Each joined the Air Force right out of high school and began technical training at Keesler Air Force Base in Mississippi six months later. “We got there at the same time,” McKinnis says. “Everybody’s looking around. You don’t know anyone, so you’re looking to make friends. She used to go home with me. My parents live 45 minutes to an hour away, depending on how you drive. She’d go home with me to visit.”
“It was like being back home in North Carolina,” Adams recalls, adding that those visits with his family and friends laid the groundwork for the future.
“But during this time, both of us were in relationships,” she says.”The way we were raised: It is just not right to cheat on your boyfriend or girlfriend. That’s just not the thing to do. With that in mind, we ended up being very close friends.”

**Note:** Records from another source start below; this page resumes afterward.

lemma borel_measurable_batch_continuation:
  fixes s :: 's
  assumes adm: "is_abp R N M H L \<pi>" and h: "h \<in> {1..H}"
  defines "B \<equiv> fst \<pi> h s"
  defines "D \<equiv> \<lambda>\<omega>. batch_value h B (lookahead R N \<omega> h B s) (Vpi R N M H \<pi> (h + B))
                      (snd \<pi> h s (lookahead R N \<omega> h B s))"
  shows "D \<in> borel_measurable \<Omega>"
proof -
  interpret step: product_sigma_finite step_space by (rule product_sigma_finite_step_space)
  define I J where "I = {1..<h + B}" and "J = {h + B..H}"
  have "h + B \<le> Suc H"
    using valid_horizonsD[OF is_abp_valid_horizons[OF adm] h] unfolding B_def by auto
  then have \<Omega>: "\<Omega> = PiM (I \<union> J) step_space"
    unfolding Omega_eq_PiM_step_space I_def J_def using h by (intro arg_cong2[where f = PiM]) auto
  interpret J: prob_space "PiM J step_space"
    unfolding J_def using h by (intro prob_space_PiM_step_space) auto
  text \<open>The batch policy need not be measurable, but \<open>D\<close> is: on the first block of steps it
    is a section integral of the return, which is measurable by admissibility.\<close>
  have "(\<lambda>x. \<integral>y. ret R N H \<pi> (merge I J (x, y)) (Suc H) h s \<partial>PiM J step_space)
      \<in> borel_measurable (PiM I step_space)"
    using measurable_compose[OF measurable_merge borel_measurable_ret_abp[OF adm, unfolded \<Omega>]] h
    by (intro J.borel_measurable_lebesgue_integral) (simp add: case_prod_beta' del: ret.simps)
  then have D_I: "D \<in> borel_measurable (PiM I step_space)"
    using integral_ret_after_batch[OF adm h] unfolding D_def B_def I_def J_def
    by (rule measurable_cong[THEN iffD1, rotated]) simp
  have "(\<lambda>\<omega>. D (restrict \<omega> I)) \<in> borel_measurable \<Omega>"
    unfolding \<Omega> by (rule measurable_compose[OF measurable_restrict_subset D_I]) auto
  moreover have "D (restrict \<omega> I) = D \<omega>" for \<omega>
  proof -
    have "lookahead R N (restrict \<omega> I) h B s = lookahead R N \<omega> h B s"
      by (rule lookahead_cong) (use h in \<open>auto simp: I_def\<close>)
    then show ?thesis unfolding D_def by simp
  qed
  ultimately show ?thesis by simp
qed
lemma Finf_weighted_has_integral:
  assumes "h \<in> Finf slo shi"
  shows "(weighted h has_integral 0) {slo..shi}"
proof -
  have "((\<lambda>s. h s * (1 - 2 * s) / s) has_integral 0) {slo<..<shi}"
    using assms unfolding Finf_def by blast
  then show ?thesis
    unfolding weighted_def by (simp add: has_integral_Icc_iff_Ioo)
qed

lemma Finf_weighted_integrable:
  assumes "h \<in> Finf slo shi" "{a..b} \<subseteq> {slo..shi}"
  shows "weighted h integrable_on {a..b}"
  using integrable_subinterval_real[OF has_integral_integrable[OF Finf_weighted_has_integral] assms(2)]
    assms(1) by blast

lemma Finf_integral_weighted_head:
  assumes "h \<in> Finf slo shi" "a \<in> {slo..shi}"
  shows "integral {slo..a} (weighted h) = - integral {a..shi} (weighted h)"
proof -
  note int = Finf_weighted_has_integral[OF assms(1)]
  have "integral {slo..a} (weighted h) + integral {a..shi} (weighted h) = integral {slo..shi} (weighted h)"
    using assms(2) by (intro Henstock_Kurzweil_Integration.integral_combine has_integral_integrable[OF int]) auto
  then show ?thesis
    using integral_unique[OF int] by simp
qed

lemma Gf_eq_tail_integrals:
  assumes "h \<in> Finf slo shi" "mfun u lam c \<in> {slo..shi}"
  shows "Gf slo shi p u v h lam c =
    (1 - p) * integral {mmfun v lam c..shi} (weighted h) - p * integral {mfun u lam c..shi} (weighted h)"
  using Finf_integral_weighted_head[OF assms]
  by (simp add: Gf_def weighted_def[abs_def] algebra_simps)

lemma abs_weighted_diff_le:
  assumes "0 < t" "t \<le> s" "s \<le> 1"
  shows "\<bar>weighted g s - weighted f s\<bar> \<le> \<bar>g s - f s\<bar> / t"
proof -
  have "weighted g s - weighted f s = (g s - f s) * (1 - 2 * s) / s"
    by (simp add: weighted_def diff_divide_distrib left_diff_distrib)
  then have "\<bar>weighted g s - weighted f s\<bar> = \<bar>g s - f s\<bar> * \<bar>1 - 2 * s\<bar> / s"
    using assms by (simp add: abs_mult abs_divide)
  also have "\<dots> \<le> \<bar>g s - f s\<bar> / s"
    using assms by (intro divide_right_mono mult_left_le) auto
  also have "\<dots> \<le> \<bar>g s - f s\<bar> / t"
    using assms by (intro divide_left_mono) auto
  finally show ?thesis .
qed
(* Let $R$ be an absolutely integrally closed ring, $D$ an integral domain, and $\varphi: R\to D$ an integral ring homomorphism. Then $\varphi$ is surjective and $D$ is an absolutely integrally closed domain.
   Context: All rings are commutative with $1$ and ring maps preserve $1$. An integral domain $A$ is absolutely integrally closed if $A$ is integrally closed in its field of fractions $K$ and $K$ is algebraically closed. A ring $R$ is absolutely integrally closed if $R\cong A_1\times\cdots\times A_n$ for finitely many absolutely integrally closed domains $A_1,\dots,A_n$. A ring map $\varphi: R\to D$ is integral if every element of $D$ is integral over $\varphi(R)$. *)

theory Defs
  imports "HOL-Algebra.Algebraic_Closure" "HOL-Algebra.Chinese_Remainder"
begin

text \<open>x is integral over the subset S of the ring R: x is a root of a monic
  polynomial (leading coefficient one)
  with coefficients in S.  Polynomials are coefficient lists, highest first.\<close>
definition integral_over :: "('a, 'm) ring_scheme \<Rightarrow> 'a set \<Rightarrow> 'a \<Rightarrow> bool" where
  "integral_over R S x \<longleftrightarrow>
     (\<exists>p. polynomial\<^bsub>R\<^esub> S p \<and> p \<noteq> [] \<and> lead_coeff p = \<one>\<^bsub>R\<^esub> \<and> ring.eval R p x = \<zero>\<^bsub>R\<^esub>)"

definition integral_hom :: "('a, 'm) ring_scheme \<Rightarrow> ('b, 'n) ring_scheme \<Rightarrow> ('a \<Rightarrow> 'b) \<Rightarrow> bool" where
  "integral_hom R D \<phi> \<longleftrightarrow> (\<forall>d \<in> carrier D. integral_over D (\<phi> ` carrier R) d)"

Match: Both married and divorced in the intervening years. Adams has a son, who is now 7. McKinnis and Adams stayed in touch as they moved from post to post, always alerting the other to a new assignment – California, Florida, Alaska, Nevada, North Dakota, Korea, Japan, and even Afghanistan and Iraq. With similar upbringings, a competitive spirit and passion for sports, the exact same jobs and rank, they had much in common, and much to talk about and learn from each other.
When McKinnis took a three-year stint in special operations, it meant heading into Afghanistan days after the Sept. 11, 2001, attacks. His unit also staged in Jordan and was first into Iraq when the war started. “I would e-mail her before I’d go,” he says.

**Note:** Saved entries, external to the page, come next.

(* For every connected graph $G$ with no isolated vertices, $$\gamma_t(G) \le \left\lceil \frac{2(\gamma(G)+\gamma_c(G))}{3}\right\rceil.$$ Moreover, this bound is tight.
   Context: All graphs are finite, simple and undirected. A set $S\subseteq V(G)$ is a dominating set if every vertex not in $S$ is adjacent to some vertex of $S$; $\gamma(G)$ is the minimum size of a dominating set. A set $S$ is a total dominating set if every vertex of $G$ (including those in $S$) is adjacent to some vertex of $S$; $\gamma_t(G)$ is the minimum size of a total dominating set. A set $S$ is a connected dominating set if it is dominating and the subgraph induced by $S$ is connected; $\gamma_c(G)$ is the minimum size of a connected dominating set. *)

theory Defs
  imports Complex_Main
begin

definition simple_graph :: "'a set \<Rightarrow> ('a \<Rightarrow> 'a \<Rightarrow> bool) \<Rightarrow> bool" where
  "simple_graph V E \<longleftrightarrow> finite V \<and> (\<forall>u v. E u v \<longrightarrow> u \<in> V \<and> v \<in> V)
     \<and> (\<forall>u v. E u v \<longrightarrow> E v u) \<and> (\<forall>v. \<not> E v v)"

definition induced_connected :: "('a \<Rightarrow> 'a \<Rightarrow> bool) \<Rightarrow> 'a set \<Rightarrow> bool" where
  "induced_connected E S \<longleftrightarrow> S \<noteq> {} \<and>
     (\<forall>u\<in>S. \<forall>v\<in>S. (\<lambda>x y. x \<in> S \<and> y \<in> S \<and> E x y)\<^sup>*\<^sup>* u v)"

definition connected_graph :: "'a set \<Rightarrow> ('a \<Rightarrow> 'a \<Rightarrow> bool) \<Rightarrow> bool" where
  "connected_graph V E \<longleftrightarrow> induced_connected E V"

definition no_isolated :: "'a set \<Rightarrow> ('a \<Rightarrow> 'a \<Rightarrow> bool) \<Rightarrow> bool" where
  "no_isolated V E \<longleftrightarrow> (\<forall>v\<in>V. \<exists>u. E v u)"

definition dominating :: "'a set \<Rightarrow> ('a \<Rightarrow> 'a \<Rightarrow> bool) \<Rightarrow> 'a set \<Rightarrow> bool" where
  "dominating V E S \<longleftrightarrow> S \<subseteq> V \<and> (\<forall>v\<in>V - S. \<exists>u\<in>S. E v u)"

definition total_dominating :: "'a set \<Rightarrow> ('a \<Rightarrow> 'a \<Rightarrow> bool) \<Rightarrow> 'a set \<Rightarrow> bool" where
  "total_dominating V E S \<longleftrightarrow> S \<subseteq> V \<and> (\<forall>v\<in>V. \<exists>u\<in>S. E v u)"

definition connected_dominating :: "'a set \<Rightarrow> ('a \<Rightarrow> 'a \<Rightarrow> bool) \<Rightarrow> 'a set \<Rightarrow> bool" where
  "connected_dominating V E S \<longleftrightarrow> dominating V E S \<and> induced_connected E S"

definition domination_number :: "'a set \<Rightarrow> ('a \<Rightarrow> 'a \<Rightarrow> bool) \<Rightarrow> nat" where
  "domination_number V E = (LEAST k. \<exists>S. dominating V E S \<and> card S = k)"

definition total_domination_number :: "'a set \<Rightarrow> ('a \<Rightarrow> 'a \<Rightarrow> bool) \<Rightarrow> nat" where
  "total_domination_number V E = (LEAST k. \<exists>S. total_dominating V E S \<and> card S = k)"

definition connected_domination_number :: "'a set \<Rightarrow> ('a \<Rightarrow> 'a \<Rightarrow> bool) \<Rightarrow> nat" where
  "connected_domination_number V E = (LEAST k. \<exists>S. connected_dominating V E S \<and> card S = k)"

end

theory Submission
  imports Defs
begin

text \<open>Adding a neighbour of each vertex of a
  minimum dominating set gives \<open>\<gamma>\<^sub>t \<le> 2\<gamma>\<close>; a minimum connected dominating set with at least two
  vertices is already total, so \<open>\<gamma>\<^sub>t \<le> \<gamma>\<^sub>c\<close> unless \<open>\<gamma>\<^sub>c = 1\<close>. Averaging, \<open>3\<gamma>\<^sub>t \<le> 2(\<gamma> + \<gamma>\<^sub>c)\<close>,
  and the case \<open>\<gamma> = \<gamma>\<^sub>c = 1\<close> is covered by rounding up. Graphs with a universal vertex, such as
  stars, have \<open>\<gamma> = \<gamma>\<^sub>c = 1\<close> and \<open>\<gamma>\<^sub>t = 2 = \<lceil>4/3\<rceil>\<close>.\<close>

lemma Least_card_le:
  "P S \<Longrightarrow> (LEAST k. \<exists>S. P S \<and> card S = k) \<le> card S"
  by (rule Least_le) blast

A knee injury suffered in Iraq sent McKinnis to a job at Schriever Air Force Base in Colorado Springs. In April 2004, Adams called from her post in Las Vegas and asked, “Are you going to come visit me?”
“We started talking,” McKinnis says. “We picked up like old times, like when we first met, like nothing had changed, and no time had passed.”

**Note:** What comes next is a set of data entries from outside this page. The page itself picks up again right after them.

lemma section_term_near_threshold:
  fixes M :: nat and c :: real
  assumes M: "M \<ge> 2" and "ln (real M) \<ge> 400" and c: "c > 0"
    and c2: "c\<^sup>2 \<ge> 2 * (1 - (1/10) / sqrt (ln (real M))) * ln (real M)"
  shows "section_term M c \<ge> 1/4"
proof -
  define s where "s = section_shift M c"
  define r where "r = sqrt (ln (real M))"
  have r: "r \<ge> 20" "r * r = ln (real M)"
    using \<open>ln (real M) \<ge> 400\<close> by (auto simp: r_def intro: real_le_rsqrt)
  have "2 * (1 - (1/10) / r) * ln (real M) = 2 * ln (real M) - r / 5"
    using r by (simp add: field_simps)
  hence c2': "c\<^sup>2 \<ge> 2 * ln (real M) - r / 5" using c2 by (simp add: r_def)
  have "r \<le> c"
  proof -
    have "r\<^sup>2 \<le> c\<^sup>2" using c2' r mult_right_mono[of 20 r r] by (simp add: power2_eq_square)
    thus ?thesis by (rule power2_le_imp_le) (use c in simp)
  qed
  have "ln (real M - 1) \<le> ln (real M)" using M by simp
  hence "c * s \<ge> - r / 10"
    using c2' c by (simp add: s_def section_shift_def)
  with \<open>r \<le> c\<close> r have far: "c * (1/5 + s) \<ge> 2"
    by (simp add: algebra_simps)
  hence "0 < c * (1/5 + s)" by linarith
  hence "1/5 + s \<ge> 0" using c by (simp add: zero_less_mult_iff)
  hence core: "section_term M c \<ge> (1 - exp (- c * (1/5 + s))) * (1/2 - 399/1000 * (1/5))"
    using M c unfolding s_def by (intro section_term_ge_shifted exp_section_shift) auto
  have "exp (- c * (1/5 + s)) \<le> 1/3"
  proof -
    have "exp (- c * (1/5 + s)) \<le> exp (- 2)" using far by simp
    also have "exp (- 2) \<le> 1 / (3::real)"
      using exp_ge_add_one_self[of 2] by (simp add: exp_minus' divide_left_mono)
    finally show ?thesis .
  qed
  hence "(1 - 1/3) * (1/2 - 399/1000 * (1/5)) \<le> (1 - exp (- c * (1/5 + s))) * (1/2 - 399/1000 * (1/5))"
    by (intro mult_right_mono) auto
  thus ?thesis using core by simp
qed

section \<open>Summing over the sections\<close>

lemma ln_minus_one_ge_half_ln:
  assumes "M \<ge> 3"
  shows "ln (real M - 1) \<ge> ln (real M) / 2"
proof -
  have "0 \<le> real M * (real M - 3)" using assms by simp
  hence "real M \<le> (real M - 1)\<^sup>2" by (simp add: power2_eq_square algebra_simps)
  hence "ln (real M) \<le> ln ((real M - 1)\<^sup>2)" using assms by (intro ln_mono) auto
  also have "\<dots> = 2 * ln (real M - 1)" using assms by (simp add: ln_realpow)
  finally show ?thesis by simp
qed

lemma section_term_ge_indicators:
  fixes M :: nat and c \<nu> \<delta> :: real
  assumes M: "M \<ge> 3" "ln (real M) \<ge> 400" and c: "c > 0" "c\<^sup>2 = \<nu> * ln (real M)"
    and \<delta>: "0 < \<delta>" "\<delta> < 1/2"
  shows "section_term M c \<ge>
    (1 - real M powr (- (1/10000) * \<delta>\<^sup>2) / (\<delta> * sqrt (ln (real M)))) * (if \<nu> > 2 + \<delta> then 1 else 0)
    + 1/4 * (if 2 * (1 - (1/10) / sqrt (ln (real M))) \<le> \<nu> \<and> \<nu> \<le> 2 + \<delta> then 1 else 0)"
proof -
  have powr: "real M powr (- (1/10000) * \<delta>\<^sup>2) = exp (- (\<delta>\<^sup>2 * ln (real M)) / 10000)"
    using M by (simp add: powr_def algebra_simps)
  consider "\<nu> > 2 + \<delta>" | "\<not> \<nu> > 2 + \<delta>" "2 * (1 - (1/10) / sqrt (ln (real M))) \<le> \<nu>"
    | "\<not> \<nu> > 2 + \<delta>" "\<not> 2 * (1 - (1/10) / sqrt (ln (real M))) \<le> \<nu>"
    by blast
  thus ?thesis
  proof cases
    case 1
    hence "c\<^sup>2 > (2 + \<delta>) * ln (real M)" using M c by simp
    with M c \<delta> ln_minus_one_ge_half_ln[OF M(1)] show ?thesis
      unfolding powr using section_term_above_threshold[of M \<delta> c] 1 by simp
  next
    case 2
    hence "c\<^sup>2 \<ge> 2 * (1 - (1/10) / sqrt (ln (real M))) * ln (real M)"
      using M c by (simp add: mult_right_mono)
    thus ?thesis using section_term_near_threshold[of M c] M c 2 by simp
  next
    case 3
    thus ?thesis using section_term_nonneg[of M c] by simp
  qed
qed

lemma x_tau_ge_indicators:
  fixes M L n :: nat and Pl :: "nat \<Rightarrow> real" and P R \<tau> \<delta> :: real
  assumes M: "M \<ge> 3" "ln (real M) \<ge> 400" and Pl: "\<And>l. Pl l > 0"
    and "P > 0" "R > 0" "\<tau> > 0" "n \<ge> 1" and rate: "real L * ln (real M) = real n * R"
    and \<delta>: "0 < \<delta>" "\<delta> < 1/2"
  shows "x_tau n M L Pl P \<tau> \<ge>
    (1 - real M powr (- (1/10000) * \<delta>\<^sup>2) / (\<delta> * sqrt (ln (real M))))
      * (\<Sum>l=1..L. Pl l / P * (if real L * Pl l / (R * \<tau>\<^sup>2) > 2 + \<delta> then 1 else 0))
    + 1/4 * (\<Sum>l=1..L. Pl l / P *
        (if 2 * (1 - (1/10) / sqrt (ln (real M))) \<le> real L * Pl l / (R * \<tau>\<^sup>2)
            \<and> real L * Pl l / (R * \<tau>\<^sup>2) \<le> 2 + \<delta> then 1 else 0))"
proof -
  define coef where "coef = 1 - real M powr (- (1/10000) * \<delta>\<^sup>2) / (\<delta> * sqrt (ln (real M)))"
  define \<nu> where "\<nu> l = real L * Pl l / (R * \<tau>\<^sup>2)" for l
  define above where "above l = (if \<nu> l > 2 + \<delta> then 1 else 0 :: real)" for l
  define near where "near l = (if 2 * (1 - (1/10) / sqrt (ln (real M))) \<le> \<nu> l \<and> \<nu> l \<le> 2 + \<delta>
    then 1 else 0 :: real)" for l
  have per_section: "coef * above l + 1/4 * near l \<le> section_term M (sqrt (real n * Pl l) / \<tau>)" for l
  proof -
    have "(sqrt (real n * Pl l) / \<tau>)\<^sup>2 = (real n * R) * Pl l / (R * \<tau>\<^sup>2)"
      using Pl[of l] \<open>R > 0\<close> \<open>n \<ge> 1\<close> by (simp add: power_divide)
    also have "\<dots> = \<nu> l * ln (real M)" unfolding rate[symmetric] \<nu>_def by simp
    finally show ?thesis
      unfolding coef_def above_def near_def
      using Pl[of l] assms by (intro section_term_ge_indicators) auto
  qed
  have "coef * (\<Sum>l=1..L. Pl l / P * above l) + 1/4 * (\<Sum>l=1..L. Pl l / P * near l)
      = (\<Sum>l=1..L. Pl l / P * (coef * above l + 1/4 * near l))"
    by (simp add: sum_distrib_left sum.distrib algebra_simps)
  also have "\<dots> \<le> x_tau n M L Pl P \<tau>"
    unfolding x_tau_def using per_section Pl \<open>P > 0\<close>
    by (intro sum_mono mult_left_mono) (auto simp: less_imp_le)
  finally show ?thesis by (simp only: coef_def above_def near_def \<nu>_def)
qed

lemma exp_power_alloc_pos:
  assumes "sigma2 > 0" "P > 0" "L \<ge> 1"
  shows "exp_power_alloc P (capacity P sigma2) L l > 0"
proof -
  have "capacity P sigma2 > 0" unfolding capacity_def using assms by (simp add: ln_gt_zero)
  thus ?thesis using assms by (simp add: exp_power_alloc_def)
qed

theorem mainTheorem6:
  shows "\<exists>\<kappa>1>0. \<exists>\<kappa>2>0. \<forall>(sigma2::real) (P::real) (R::real) (\<tau>::real).
    sigma2 > 0 \<and> P > 0 \<and> R > 0 \<and> \<tau> > 0 \<longrightarrow>
    (\<exists>M0::nat. \<forall>(M::nat) (L::nat) (n::nat).
       M \<ge> M0 \<and> L \<ge> 1 \<and> n \<ge> 1 \<and> real L * ln (real M) = real n * R \<longrightarrow>
       (let C = capacity P sigma2;
            Pl = exp_power_alloc P C L;
            \<nu> = (\<lambda>l. real L * Pl l / (R * \<tau>\<^sup>2))
        in \<forall>\<delta>::real. 0 < \<delta> \<and> \<delta> < 1/2 \<longrightarrow>
           x_tau n M L Pl P \<tau> \<ge>
             (1 - real M powr (- \<kappa>1 * \<delta>\<^sup>2) / (\<delta> * sqrt (ln (real M))))
               * (\<Sum>l=1..L. Pl l / P * (if \<nu> l > 2 + \<delta> then 1 else 0))
             + 1/4 * (\<Sum>l=1..L. Pl l / P *
                 (if 2 * (1 - \<kappa>2 / sqrt (ln (real M))) \<le> \<nu> l \<and> \<nu> l \<le> 2 + \<delta>
                  then 1 else 0))))"
proof -
  have large: "M \<ge> 3 \<and> ln (real M) \<ge> 400" if "nat \<lceil>exp (400::real)\<rceil> + 3 \<le> M" for M :: nat
  proof -
    have "real (nat \<lceil>exp (400::real)\<rceil>) \<le> real M" using that by (intro of_nat_mono) linarith
    hence "exp 400 \<le> real M" using real_nat_ceiling_ge[of "exp 400"] by linarith
    thus ?thesis using that by (simp add: ln_ge_iff)
  qed
  show ?thesis
    unfolding Let_def
  proof (rule exI[of _ "1/10000::real"], rule conjI, simp, rule exI[of _ "1/10::real"],
      rule conjI, simp, intro allI impI exI[of _ "nat \<lceil>exp (400::real)\<rceil> + 3"]
      x_tau_ge_indicators exp_power_alloc_pos)
  qed (auto dest: large)
qed

end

Then, Adams too went to Iraq in May 2004. She returned to the U.S. safely in September but got transferred to Japan in January, so she came through Colorado before going overseas.
Marry: “We were talking and laughing,” McKinnis recalls. “I said, ‘It could be OK living with you.”‘
“It’s hilarious to say, but I told him that I loved him with all my heart, but I was ‘too old’ to be chasing him. Granted, he is quick on his feet,” Adams teases. “So, if he wanted to get married, then the ball was in his court.”
Via daily phone calls, near-constant e-mail correspondence and online shopping, McKinnis planned an intimate wedding, including getting a dress for his new bride, who could fly in for only a week.
After braving a 12-hour flight from Japan, wrangling up a flight to Denver and braving a six-hour drive from Denver International Airport to Colorado Springs, when a spring snowstorm snarled road and air traffic, Adams made her way to McKinnis and their wedding at a cabin at Farish Recreation Area – a remote military resort near Woodland Park.
The Rev. Al Balin performed the ceremony on a sunny Tuesday afternoon. There were no guests, no hoopla – just Adams, chilled to the point of goose bumps, and McKinnis.
“Although we could be thrilled if our families could attend,” Adams says, “military life doesn’t always allow that to happen.”
McKinnis planned to take the marriage license to his superiors for processing, along with a request for transfer. “I am keeping my fingers crossed they allow us to be stationed together,” Adams adds. “It is just a matter of timing. Timing is something that both Matthew and I have on our side.”